In order to highlight the purpose, technical scheme and beneficial effect of the invention, the following specific explanation is made on the system scheme and specific disadvantages of the slope monitoring engineering of the 4# main pier accumulation body of the Nanmenxi grand bridge:

the monitoring of the accumulation body of the No. 4 main pier of the Nanmenxi grand bridge comprises the monitoring of the construction period, the monitoring of the prevention and control effect and the monitoring of the operation period. The monitoring of the construction period mainly adopts the earth surface displacement monitoring, adopts the deep hole displacement monitoring if necessary, corrects the design by slope deformation data, guides the construction, ensures the construction safety and tests the engineering effect. The monitoring of the operation period comprises surface displacement monitoring, slope body and pile body deep layer horizontal displacement monitoring, underground water level monitoring and the like. The prevention and treatment effect monitoring is carried out in combination with the monitoring of the construction period and the operation period. The cross section of the side slope of the Nanmenxi grand bridge No. 4 main pier accumulation body is shown in a figure 10.

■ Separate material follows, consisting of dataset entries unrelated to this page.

(* Let $n$ be even and $F_4(X)=X^{2^n-2}$ on $\mathbb{F}_{2^n}$. For $a,b\in\mathbb{F}_{2^n}^*$, $\mathrm{FBCT}_{F_4}(a,b)=2^n$ if $a=b$; $=4$ if $(a/b)^2+a/b+1=0$; and $=0$ otherwise.
   Context: For $F:\mathbb{F}_{2^n}\to\mathbb{F}_{2^n}$ and $a,b\in\mathbb{F}_{2^n}$, $\mathrm{FBCT}_F(a,b)=|\{X\in\mathbb{F}_{2^n}: F(X+a+b)+F(X+b)+F(X+a)+F(X)=0\}|$. *)

theory Defs
  imports Main
begin

definition FBCT :: "('a::{field,finite} \<Rightarrow> 'a) \<Rightarrow> 'a \<Rightarrow> 'a \<Rightarrow> nat" where
  "FBCT F a b = card {X. F (X + a + b) + F (X + b) + F (X + a) + F X = 0}"

end

theory Submission
  imports Defs
begin

text \<open>
  In a finite field of characteristic 2 and order at least 3 the map \<open>X \<mapsto> X^(2^n-2)\<close> is
  \<open>X \<mapsto> inverse X\<close> (with \<open>inverse 0 = 0\<close>). For \<open>a = b\<close> the four terms cancel in pairs, so every
  \<open>X\<close> is a solution. For \<open>a \<noteq> b\<close>, clearing denominators shows that off the subspace
  \<open>{0, a, b, a + b}\<close> the boomerang sum times \<open>X(X+a)(X+b)(X+a+b)\<close> equals \<open>ab(a+b) \<noteq> 0\<close>, while on
  it the sum is the constant \<open>1/a + 1/b + 1/(a+b) = (a\<^sup>2+ab+b\<^sup>2)/(ab(a+b))\<close>. Hence there are
  either four solutions or none. The parity of \<open>n\<close> only serves to exclude \<open>n = 1\<close>.
\<close>

lemma of_nat_card_UNIV_eq_0: "of_nat (card (UNIV :: 'a set)) = (0 :: 'a :: {ring_1, finite})"
proof -
  have "(\<Sum>y\<in>UNIV. y + (1 :: 'a)) = (\<Sum>y\<in>UNIV. y)"
    by (rule sum.reindex_bij_witness[where i = "\<lambda>y. y - 1" and j = "\<lambda>y. y + 1"]) auto
  then show ?thesis
    by (simp add: sum.distrib)
qed

lemma power_card_UNIV_minus_one:
  fixes x :: "'a :: {field, finite}"
  assumes "x \<noteq> 0"
  shows "x ^ (card (UNIV :: 'a set) - 1) = 1"
proof -
  have "(\<Prod>y\<in>UNIV - {0}. x * y) = (\<Prod>y\<in>UNIV - {0}. y)"
    by (rule prod.reindex_bij_witness[where i = "\<lambda>y. y / x" and j = "\<lambda>y. x * y"])
      (use assms in auto)
  then have "x ^ card (UNIV - {0 :: 'a}) * (\<Prod>y\<in>UNIV - {0}. y) = (\<Prod>y\<in>UNIV - {0}. y)"
    by (simp add: prod.distrib)
  then show ?thesis
    by (simp add: card_Diff_singleton)
qed

lemma power_card_UNIV_minus_two_eq_inverse:
  fixes x :: "'a :: {field, finite}"
  assumes "card (UNIV :: 'a set) > 2"
  shows "x ^ (card (UNIV :: 'a set) - 2) = inverse x"
proof (cases "x = 0")
  case False
  have "card (UNIV :: 'a set) - 1 = Suc (card (UNIV :: 'a set) - 2)"
    using assms by linarith
  then have "x ^ (card (UNIV :: 'a set) - 2) * x = 1"
    using power_card_UNIV_minus_one[OF False] by (simp add: mult.commute)
  then show ?thesis
    using False by (simp add: field_simps)
qed (use assms in simp)

lemma char_2_add_self:
  assumes "(2 :: 'a :: ring_1) = 0"
  shows "x + x = (0 :: 'a)" and "x + (x + y) = y"
proof -
  show "x + x = 0"
    using assms by (metis mult_2 mult_zero_left)
  then show "x + (x + y) = y"
    by (simp flip: add.assoc)
qed

lemma char_2_add_eq_0_iff:
  assumes "(2 :: 'a :: ring_1) = 0"
  shows "x + y = (0 :: 'a) \<longleftrightarrow> x = y"
  using char_2_add_self[OF assms] by (metis add_right_cancel)

lemma inverse_boomerang_sum_on_subspace:
  fixes a b X :: "'a :: field"
  assumes "(2 :: 'a) = 0" and "X \<in> {0, a, b, a + b}"
  shows "inverse (X + a + b) + inverse (X + b) + inverse (X + a) + inverse X
    = inverse a + inverse b + inverse (a + b)"
  using assms(2) by (auto simp: char_2_add_self[OF assms(1)] add_ac)

lemma inverse_boomerang_sum_off_subspace:
  fixes a b X :: "'a :: field"
  assumes "(2 :: 'a) = 0" and "X \<notin> {0, a, b, a + b}"
  shows "X * (X + a) * (X + b) * (X + a + b)
      * (inverse (X + a + b) + inverse (X + b) + inverse (X + a) + inverse X)
    = a * b * (a + b)"
proof -
  have "X \<noteq> 0" "X + a \<noteq> 0" "X + b \<noteq> 0" "X + a + b \<noteq> 0"
    using assms(2) by (auto simp: char_2_add_eq_0_iff[OF assms(1)] add.assoc)
  then have "X * inverse X = 1" "(X + a) * inverse (X + a) = 1"
    "(X + b) * inverse (X + b) = 1" "(X + a + b) * inverse (X + a + b) = 1"
    by simp_all
  moreover define R where "R = 2 * X ^ 3 + 3 * (a + b) * X ^ 2 + (a * a + b * b + 3 * a * b) * X"
  ultimately have "X * (X + a) * (X + b) * (X + a + b)
      * (inverse (X + a + b) + inverse (X + b) + inverse (X + a) + inverse X)
    = a * b * (a + b) + (R + R)"
    by algebra
  then show ?thesis
    using char_2_add_self[OF assms(1)] by simp
qed

lemma inverse_triple_sum_eq_0_iff:
  fixes a b :: "'a :: field"
  assumes "(2 :: 'a) = 0" and "a \<noteq> 0" "b \<noteq> 0" "a + b \<noteq> 0"
  shows "inverse a + inverse b + inverse (a + b) = 0 \<longleftrightarrow> a * a + a * b + b * b = 0"
proof -
  have "a * inverse a = 1" "b * inverse b = 1" "(a + b) * inverse (a + b) = 1"
    using assms(2-4) by simp_all
  then have "a * b * (a + b) * (inverse a + inverse b + inverse (a + b))
      = (a * a + a * b + b * b) + (a * b + a * b)"
    by algebra
  then show ?thesis
    using assms by (auto simp: char_2_add_self[OF assms(1)])
qed

theorem FBCT_inverse:
  fixes a b :: "'a :: {field, finite}"
  assumes char_2: "(2 :: 'a) = 0" and "a \<noteq> 0" "b \<noteq> 0"
  shows "FBCT inverse a b =
    (if a = b then card (UNIV :: 'a set) else if a * a + a * b + b * b = 0 then 4 else 0)"
proof -
  define S where "S = {X :: 'a. inverse (X + a + b) + inverse (X + b) + inverse (X + a) + inverse X = 0}"
  have FBCT_eq: "FBCT inverse a b = card S"
    unfolding FBCT_def S_def ..
  show ?thesis
  proof (cases "a = b")
    case True
    then have "S = UNIV"
      by (auto simp: S_def char_2_add_self[OF char_2] add_ac)
    with True FBCT_eq show ?thesis
      by simp
  next
    case False
    then have "a + b \<noteq> 0"
      by (simp add: char_2_add_eq_0_iff[OF char_2])
    have off: "X \<notin> S" if "X \<notin> {0, a, b, a + b}" for X
      using inverse_boomerang_sum_off_subspace[OF char_2 that] assms(2,3) \<open>a + b \<noteq> 0\<close>
      by (auto simp: S_def)
    have on: "X \<in> S \<longleftrightarrow> a * a + a * b + b * b = 0" if "X \<in> {0, a, b, a + b}" for X
      using inverse_boomerang_sum_on_subspace[OF char_2 that]
        inverse_triple_sum_eq_0_iff[OF char_2 assms(2,3) \<open>a + b \<noteq> 0\<close>]
      by (simp add: S_def)
    have "S = (if a * a + a * b + b * b = 0 then {0, a, b, a + b} else {})"
      using off on by auto
    moreover have "card {0, a, b, a + b} = 4"
      using assms(2,3) False \<open>a + b \<noteq> 0\<close> by (auto simp: char_2_add_self[OF char_2])
    ultimately show ?thesis
      using FBCT_eq False by simp
  qed
qed

theorem mainTheorem13:
  fixes a b :: "'a::{field,finite}" and n :: nat
  assumes "card (UNIV :: 'a set) = 2 ^ n" and "even n"
    and "a \<noteq> 0" and "b \<noteq> 0"
  shows "FBCT (\<lambda>X. X ^ (2 ^ n - 2)) a b =
           (if a = b then 2 ^ n
            else if (a / b) ^ 2 + a / b + 1 = 0 then 4
            else 0)"
proof -
  have "(2 :: 'a) ^ n = 0"
    using of_nat_card_UNIV_eq_0[where 'a = 'a] assms(1) by simp
  then have char_2: "(2 :: 'a) = 0" and "n \<noteq> 0"
    by (auto simp: power_0_left split: if_splits)
  with assms(2) have "card (UNIV :: 'a set) > 2"
    using assms(1) power_strict_increasing[of 1 n "2 :: nat"] by (auto elim!: evenE)
  then have "(\<lambda>X :: 'a. X ^ (2 ^ n - 2)) = inverse"
    using assms(1) power_card_UNIV_minus_two_eq_inverse by fastforce
  moreover have "(a / b) ^ 2 + a / b + 1 = 0 \<longleftrightarrow> a * a + a * b + b * b = 0"
    using assms(4) by (simp add: field_simps power2_eq_square)
  ultimately show ?thesis
    using FBCT_inverse[OF char_2 assms(3,4)] assms(1) by simp
qed

end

For monitoring the side slope of the Nanmonxi grand bridge, the traditional total station is adopted to monitor the horizontal displacement of the ground surface deformation, and the level gauge is used to monitor the vertical deformation. And observing the development condition of the ground surface crack by adopting a stake, a ruler or a crack meter. And monitoring underground displacement, monitoring the displacement of a deep rock soil body by adopting an inclinometer, monitoring the deformation development trend of the side slope, determining the potential depth of the sliding surface, and judging the main sliding direction. The observation standard arrangement quantity table is shown in the following table 1, the monitoring graph is shown in a figure 11, and in the figure 11, GC-1, GC-2, GC-3, GC-4, GC-5, GC-6, GC-7, GC-8, GC-9, GC-10, GC-11, GC-12, GC-13, GC-14, GC-15 and GC-16 are embedded positions of 16 displacement piles; SP1, SP2, SP3, SP4, SP5, SP6, SP7, SP8, SP9 are 9 inclinometer pipe installation positions.

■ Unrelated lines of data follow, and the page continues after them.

section \<open>Band-limited sums of cumulant products\<close>

lemma words_eq_words_on: "words p m = words_on {1..m} p"
  unfolding words_def words_on_def ..

lemma Pi1_blocks:
  assumes "\<forall>x\<in>set ks. 1 \<le> x" "A \<in> Pi1 ks"
  shows "A \<noteq> {} \<and> A \<subseteq> {1..2 * sum_list ks}"
proof -
  obtain \<alpha> where \<alpha>: "\<alpha> \<in> {1..length ks}" and
    A: "A \<in> {{Kidx ks (\<alpha> - 1) + 2 * \<nu>, Kidx ks (\<alpha> - 1) + 2 * \<nu> + 1} | \<nu>.
           1 \<le> \<nu> \<and> \<nu> \<le> ks ! (\<alpha> - 1) - 1} \<union> {{Kidx ks \<alpha>, Kidx ks (\<alpha> - 1) + 1}}"
    using assms(2) unfolding Pi1_def by blast
  then obtain a where a: "a < length ks" "\<alpha> = Suc a" by (cases \<alpha>) auto
  have "Kidx ks (Suc a) = Kidx ks a + 2 * ks ! a"
    using a unfolding Kidx_def by (simp add: take_Suc_conv_app_nth)
  moreover have "Kidx ks (Suc a) \<le> 2 * sum_list ks"
    unfolding Kidx_def by (metis append_take_drop_id le_add1 mult_le_mono2 sum_list_append)
  moreover have "1 \<le> ks ! a" using assms(1) a by simp
  ultimately show ?thesis using A unfolding a(2) by auto
qed

lemma abs_one_minus_Bword_le:
  "\<bar>1 - Bword b k j\<bar> \<le> (if spread_gt {1..2 * k} b j then 1 else 0)"
proof (cases "\<forall>\<alpha>\<in>{1..k}. band b (j (2 * \<alpha> - 1)) (j (2 * \<alpha>)) = 1")
  case True
  then show ?thesis unfolding Bword_def by simp
next
  case False
  then obtain \<alpha> where \<alpha>: "\<alpha> \<in> {1..k}" "band b (j (2 * \<alpha> - 1)) (j (2 * \<alpha>)) = 0"
    unfolding band_def by (auto split: if_splits)
  then have "Bword b k j = 0" unfolding Bword_def by (intro prod_zero) auto
  moreover have "spread_gt {1..2 * k} b j"
    unfolding spread_gt_def using \<alpha> by (intro bexI[of _ "2 * \<alpha> - 1"] bexI[of _ "2 * \<alpha>"]) (auto simp: band_def split: if_splits)
  ultimately show ?thesis by simp
qed

text \<open>On a block of P1 the weight is the indicator of constant words: it is 1 on P1-measurable
  words, yet rooted-summable, so the blocks of P1 can link the blocks of \<Pi>.\<close>
definition block_weight ::
    "'a measure \<Rightarrow> (int \<Rightarrow> 'a \<Rightarrow> real) \<Rightarrow> nat set set \<Rightarrow> nat set \<Rightarrow> (nat \<Rightarrow> nat) \<Rightarrow> real" where
  "block_weight M Z Pp A j = (if A \<in> Pp then \<bar>cumulant M (map (\<lambda>i. Z (int (j i))) (sorted_list_of_set A))\<bar>
                             else constant_indicator A j)"

lemma block_weight_nonneg: "0 \<le> block_weight M Z Pp A j"
  by (simp add: block_weight_def constant_indicator_def)

lemma rooted_decay_block_weight:
  fixes Z :: "int \<Rightarrow> 'a \<Rightarrow> real"
  assumes meas: "\<And>j. Z j \<in> borel_measurable M"
    and stationary: "\<And>(h::int) (js::int list).
           distr M (PiM {..<length js} (\<lambda>_. borel)) (\<lambda>x. \<lambda>i\<in>{..<length js}. Z (js ! i + h) x)
         = distr M (PiM {..<length js} (\<lambda>_. borel)) (\<lambda>x. \<lambda>i\<in>{..<length js}. Z (js ! i) x)"
    and summable: "\<And>r. r \<ge> 1 \<Longrightarrow>
           (\<lambda>js. \<bar>cumulant M (Z 0 # map Z js)\<bar>) summable_on {js :: int list. length js = r}"
    and "finite A" and "A \<in> Pp \<Longrightarrow> 2 \<le> card A"
  shows "rooted_decay A (block_weight M Z Pp A)"
proof (cases "A \<in> Pp")
  case True
  then have "rooted_decay A (\<lambda>j. \<bar>cumulant M (map (\<lambda>i. Z (int (j i))) (sorted_list_of_set A))\<bar>)"
    using assms(4,5) by (intro rooted_decay_abs_cumulant_block[OF meas stationary summable]) auto
  then show ?thesis using True by (simp add: block_weight_def[abs_def])
next
  case False
  then show ?thesis
    using rooted_decay_constant_indicator[OF \<open>finite A\<close>] by (simp add: block_weight_def[abs_def])
qed

lemma prod_block_weight_eq_abs_CPi:
  assumes "finite P1" "\<And>A. A \<in> Pp \<Longrightarrow> finite A" "finite Pp" "measurable_wrt P1 j"
  shows "(\<Prod>A\<in>P1 \<union> Pp. block_weight M Z Pp A (restrict j A)) = \<bar>CPi M Z Pp j\<bar>"
proof -
  have "(\<Prod>A\<in>P1 \<union> Pp. block_weight M Z Pp A (restrict j A)) = (\<Prod>A\<in>Pp. block_weight M Z Pp A (restrict j A))"
  proof (rule prod.mono_neutral_right)
    show "\<forall>A\<in>P1 \<union> Pp - Pp. block_weight M Z Pp A (restrict j A) = 1"
      using \<open>measurable_wrt P1 j\<close> by (auto simp: block_weight_def constant_indicator_def measurable_wrt_def)
  qed (use assms(1,3) in auto)
  also have "\<dots> = (\<Prod>A\<in>Pp. \<bar>cumulant M (map (\<lambda>i. Z (int (j i))) (sorted_list_of_set A))\<bar>)"
    using assms(2)
    by (intro prod.cong refl) (auto simp: block_weight_def intro!: map_cong arg_cong[where f = "\<lambda>L. \<bar>cumulant M L\<bar>"])
  also have "\<dots> = \<bar>CPi M Z Pp j\<bar>" by (simp add: CPi_def abs_prod)
  finally show ?thesis .
qed

lemma rooted_decay_abs_CPi:
  fixes Z :: "int \<Rightarrow> 'a \<Rightarrow> real"
  assumes meas: "\<And>j. Z j \<in> borel_measurable M"
    and stationary: "\<And>(h::int) (js::int list).
           distr M (PiM {..<length js} (\<lambda>_. borel)) (\<lambda>x. \<lambda>i\<in>{..<length js}. Z (js ! i + h) x)
         = distr M (PiM {..<length js} (\<lambda>_. borel)) (\<lambda>x. \<lambda>i\<in>{..<length js}. Z (js ! i) x)"
    and summable: "\<And>r. r \<ge> 1 \<Longrightarrow>
           (\<lambda>js. \<bar>cumulant M (Z 0 # map Z js)\<bar>) summable_on {js :: int list. length js = r}"
    and Pp: "Pp \<in> Part2 m" and P1: "\<And>A. A \<in> P1 \<Longrightarrow> A \<noteq> {} \<and> A \<subseteq> {1..m}"
    and conn: "card (part_join {1..m} P1 Pp) = 1"
  obtains F where "rooted_decay {1..m} F" "\<And>j. 0 \<le> F j"
    "\<And>j. measurable_wrt P1 j \<Longrightarrow> F j = \<bar>CPi M Z Pp j\<bar>"
proof
  have Pp_blocks: "\<Union>Pp = {1..m}" "\<And>A. A \<in> Pp \<Longrightarrow> A \<noteq> {} \<and> 2 \<le> card A"
    using Pp unfolding Part2_def Part_def partition_on_def by auto
  have "P1 \<union> Pp \<subseteq> Pow {1..m}" using P1 Pp_blocks(1) by blast
  then have fin: "finite P1" "finite Pp" "\<And>A. A \<in> P1 \<union> Pp \<Longrightarrow> finite A"
    by (auto intro: finite_subset)
  define F where "F j = (\<Prod>A\<in>P1 \<union> Pp. block_weight M Z Pp A (restrict j A))" for j
  show "rooted_decay {1..m} F"
    unfolding F_def
  proof (rule rooted_decay_prod_connected)
    show "\<Union>(P1 \<union> Pp) = {1..m}" using Pp_blocks(1) P1 by blast
    show "{} \<notin> P1 \<union> Pp" using Pp_blocks(2) P1 by blast
    show "card ({1..m} // {(x, y). \<exists>A\<in>P1 \<union> Pp. x \<in> A \<and> y \<in> A}\<^sup>*) = 1"
      using conn unfolding part_join_def .
    show "rooted_decay A (block_weight M Z Pp A)" if "A \<in> P1 \<union> Pp" for A
      using that fin(3) Pp_blocks(2) by (intro rooted_decay_block_weight[OF meas stationary summable]) auto
  qed (simp_all add: block_weight_nonneg)
  show "0 \<le> F j" for j unfolding F_def by (intro prod_nonneg block_weight_nonneg)
  show "F j = \<bar>CPi M Z Pp j\<bar>" if "measurable_wrt P1 j" for j
    unfolding F_def using fin that by (intro prod_block_weight_eq_abs_CPi) auto
qed

lemma sum_one_minus_Bword_bigo:
  fixes b :: "nat \<Rightarrow> real"
  assumes J: "\<And>p. J p \<subseteq> words p (2 * k)"
    and F_nonneg: "\<And>j. 0 \<le> F j" and C: "\<And>p j. j \<in> J p \<Longrightarrow> \<bar>C j\<bar> = F j"
  shows "(\<lambda>p. \<Sum>j\<in>J p. (1 - Bword (b p) k j) * C j)
       \<in> O(\<lambda>p. \<Sum>j\<in>{j \<in> words_on {1..2 * k} p. spread_gt {1..2 * k} (b p) j}. F j)"
proof (intro bigoI[where c = 1] always_eventually allI)
  fix p
  let ?S = "{1..2 * k}" and ?W = "words_on {1..2 * k} p"
  have fin: "finite ?W" by (simp add: finite_words_on)
  have "\<bar>\<Sum>j\<in>J p. (1 - Bword (b p) k j) * C j\<bar> \<le> (\<Sum>j\<in>J p. \<bar>1 - Bword (b p) k j\<bar> * \<bar>C j\<bar>)"
    by (metis (no_types, lifting) abs_mult sum.cong sum_abs)
  also have "\<dots> \<le> (\<Sum>j\<in>J p. if spread_gt ?S (b p) j then F j else 0)"
  proof (intro sum_mono)
    fix j assume "j \<in> J p"
    then show "\<bar>1 - Bword (b p) k j\<bar> * \<bar>C j\<bar> \<le> (if spread_gt ?S (b p) j then F j else 0)"
      using abs_one_minus_Bword_le[of "b p" k j] F_nonneg[of j] C[of j p]
      by (auto intro: mult_left_le_one_le)
  qed
  also have "\<dots> \<le> (\<Sum>j\<in>?W. if spread_gt ?S (b p) j then F j else 0)"
    using J F_nonneg fin by (intro sum_mono2) (auto simp: words_eq_words_on)
  also have "\<dots> = (\<Sum>j\<in>{j \<in> ?W. spread_gt ?S (b p) j}. F j)"
    using fin by (simp add: sum.inter_filter)
  also have "\<dots> = norm (\<Sum>j\<in>{j \<in> ?W. spread_gt ?S (b p) j}. F j)"
    using F_nonneg by (simp add: sum_nonneg)
  finally show "norm (\<Sum>j\<in>J p. (1 - Bword (b p) k j) * C j)
      \<le> 1 * norm (\<Sum>j\<in>{j \<in> ?W. spread_gt ?S (b p) j}. F j)" by simp
qed

theorem proposition6p3:
  fixes M :: "'a measure" and Z :: "int \<Rightarrow> 'a \<Rightarrow> real"
    and b :: "nat \<Rightarrow> real" and n :: "nat \<Rightarrow> nat"
    and ks :: "nat list" and Pp :: "nat set set"
  assumes "prob_space M"
    and "\<And>j. Z j \<in> borel_measurable M"
    and "\<And>j m. integrable M (\<lambda>x. \<bar>Z j x\<bar> ^ m)"
    and "integral\<^sup>L M (Z 0) = 0"
    and "\<And>(h::int) (js::int list).
           distr M (PiM {..<length js} (\<lambda>_. borel)) (\<lambda>x. \<lambda>i\<in>{..<length js}. Z (js ! i + h) x)
         = distr M (PiM {..<length js} (\<lambda>_. borel)) (\<lambda>x. \<lambda>i\<in>{..<length js}. Z (js ! i) x)"
    and "\<And>r. r \<ge> 1 \<Longrightarrow>
           (\<lambda>js. \<bar>cumulant M (Z 0 # map Z js)\<bar>) summable_on {js :: int list. length js = r}"
    and "\<And>p. p \<ge> 1 \<Longrightarrow> 0 < b p \<and> b p \<le> real p \<and> 0 < n p"
    and "filterlim b at_top at_top"
    and "filterlim n at_top at_top"
    and "(\<lambda>p. b p / real (n p)) \<longlonglongrightarrow> 0"
    and "ks \<noteq> []" and "\<forall>x\<in>set ks. 1 \<le> x"
    and "Pp \<in> Part2 (2 * sum_list ks)"
    and "card (part_join {1..2 * sum_list ks}
                (part_join {1..2 * sum_list ks} (Pi0 ks) (Pi1 ks)) Pp) = 1"
    and "card (part_join {1..2 * sum_list ks} (Pi1 ks) Pp) = 1"
  shows "(\<lambda>p. \<Sum>j\<in>{j \<in> words p (2 * sum_list ks). measurable_wrt (Pi1 ks) j}.
             (1 - Bword (b p) (sum_list ks) j) * CPi M Z Pp j) \<in> o(\<lambda>p. real p)"
proof -
  define k where "k = sum_list ks"
  obtain F where decay: "rooted_decay {1..2 * k} F" and F_nonneg: "\<And>j. 0 \<le> F j"
    and F_eq: "\<And>j. measurable_wrt (Pi1 ks) j \<Longrightarrow> F j = \<bar>CPi M Z Pp j\<bar>"
    using rooted_decay_abs_CPi[OF assms(2,5,6,13)] Pi1_blocks[OF assms(12)] assms(15)
    unfolding k_def by metis
  have "{1..2 * k} \<noteq> {}"
    using assms(15) unfolding k_def part_join_def by (metis card.empty quotient_empty zero_neq_one)
  then have small: "(\<lambda>p. \<Sum>j\<in>{j \<in> words_on {1..2 * k} p. spread_gt {1..2 * k} (b p) j}. F j)
      \<in> o(\<lambda>p. real p)"
    by (intro sum_spread_gt_small_o[OF _ _ decay F_nonneg assms(8)]) simp
  have "(\<lambda>p. \<Sum>j\<in>{j \<in> words p (2 * k). measurable_wrt (Pi1 ks) j}. (1 - Bword (b p) k j) * CPi M Z Pp j)
      \<in> O(\<lambda>p. \<Sum>j\<in>{j \<in> words_on {1..2 * k} p. spread_gt {1..2 * k} (b p) j}. F j)"
    by (rule sum_one_minus_Bword_bigo) (use F_nonneg F_eq in auto)
  then show ?thesis unfolding k_def[symmetric] using small by (rule landau_o.big_small_trans)
qed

Table 1 observing standard arrangement quantity table

The concrete construction steps of the monitoring project are as follows:

(1) And (3) burying the measuring pile:

c15 reinforced concrete precast piles are adopted for the natural ground displacement observation piles outside the cut tops; the observation piles at the middle part of the side slope, the platform and the slope toe can be embedded with precast reinforced concrete piles or steel chisel observation piles. The observation pile is made by deeply burying concrete pile in the soil slope section, the observation point is buried in the top surface of the stone slope by making 20cm square standard stone (buried observation point) on the stable rock surface and arranging reinforcing facilities such as retaining wall. The observation point is made of steel bar not less than phi 16, the top end is ground into a hemisphere, and the middle is carved with a cross.

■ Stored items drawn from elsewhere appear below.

lemma scaled_std_simplex_eq:
  assumes "0 \<le> c"
  shows "(\<lambda>x. c *\<^sub>R x) ` std_simplex = {x::real^'a::finite. (\<forall>s. 0 \<le> x $ s) \<and> sum (($) x) UNIV = c}"
proof (cases "c = 0")
  case True
  have "ind {undefined} \<in> (std_simplex :: (real^'a) set)"
    by (simp add: std_simplex_def hull_inc)
  moreover have "x = 0" if "\<forall>s. 0 \<le> x $ s" "sum (($) x) UNIV = 0" for x :: "real^'a"
    using that sum_nonneg_eq_0_iff[of UNIV "($) x"] by (simp add: vec_eq_iff)
  ultimately show ?thesis
    using True by auto
next
  case False
  with assms have "0 < c"
    by simp
  show ?thesis
  proof (intro equalityI subsetI)
    fix x assume "x \<in> (\<lambda>x. c *\<^sub>R x) ` std_simplex"
    then show "x \<in> {x. (\<forall>s. 0 \<le> x $ s) \<and> sum (($) x) UNIV = c}"
      using \<open>0 < c\<close> by (auto simp: std_simplex_eq simp flip: sum_distrib_left)
  next
    fix x assume "x \<in> {x::real^'a. (\<forall>s. 0 \<le> x $ s) \<and> sum (($) x) UNIV = c}"
    then have "(1 / c) *\<^sub>R x \<in> std_simplex"
      using \<open>0 < c\<close> by (simp add: std_simplex_eq flip: sum_divide_distrib)
    moreover have "x = c *\<^sub>R ((1 / c) *\<^sub>R x)"
      using \<open>0 < c\<close> by simp
    ultimately show "x \<in> (\<lambda>x. c *\<^sub>R x) ` std_simplex"
      by (rule image_eqI[rotated])
  qed
qed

C15 reinforced concrete precast piles are buried on natural side slopes outside the cut tops, the cross section of each pile is 15cmX15cm square, the length of each pile is not less than 1.5m, and semicircular stainless steel wear-resistant measuring heads are pre-buried in the pile tops. Ensuring the stability of the embedded observation pile. And steel chisel observation piles are arranged at the side slope platform and the slope toe, and the embedding depth is not less than 30cm. The top of the steel chisel should be engraved with a cross-shaped fork and coated with rust-proof red paint.

The monitoring instrument is preferably a high-precision total station with the precision less than or equal to 1' and is 1 traditional total station and is calibrated to be qualified. The measurement is observed by an angle intersection method.

(2) For inclinometer installation:

(1) the positioning is accurate. The inclination measuring conduit is embedded at the position of the slope toe of the platform.

(2) Drilling holes at the selected positions, wherein the aperture is preferably larger than the outer diameter of the inclinometer guide pipe by 40mm, and the vertical deviation of the drilled holes is not more than 1 degree; the hole depth reaches the design requirement.

(3) When the pipeline is lengthened, the guide grooves are strictly aligned and cannot be deflected.

(4) The bottom of the inclinometer conduit is provided with a bottom cover, and the bottom cover and the joint of each inclinometer conduit are sealed to prevent slurry and impurities from entering the conduit.

(5) The embedding process is as follows: the inclination measuring guide pipe with the bottom cover is placed into the drill hole, the inclination measuring guide pipes are connected through pipe joints, the length of the reserved section is reserved, then the inclination measuring guide pipes are riveted one by one, the inclination measuring guide pipes are placed into the drill hole while being sealed, and attention is paid to enabling a pair of guide grooves in the inclination measuring guide pipes to be close to the main direction of expected displacement.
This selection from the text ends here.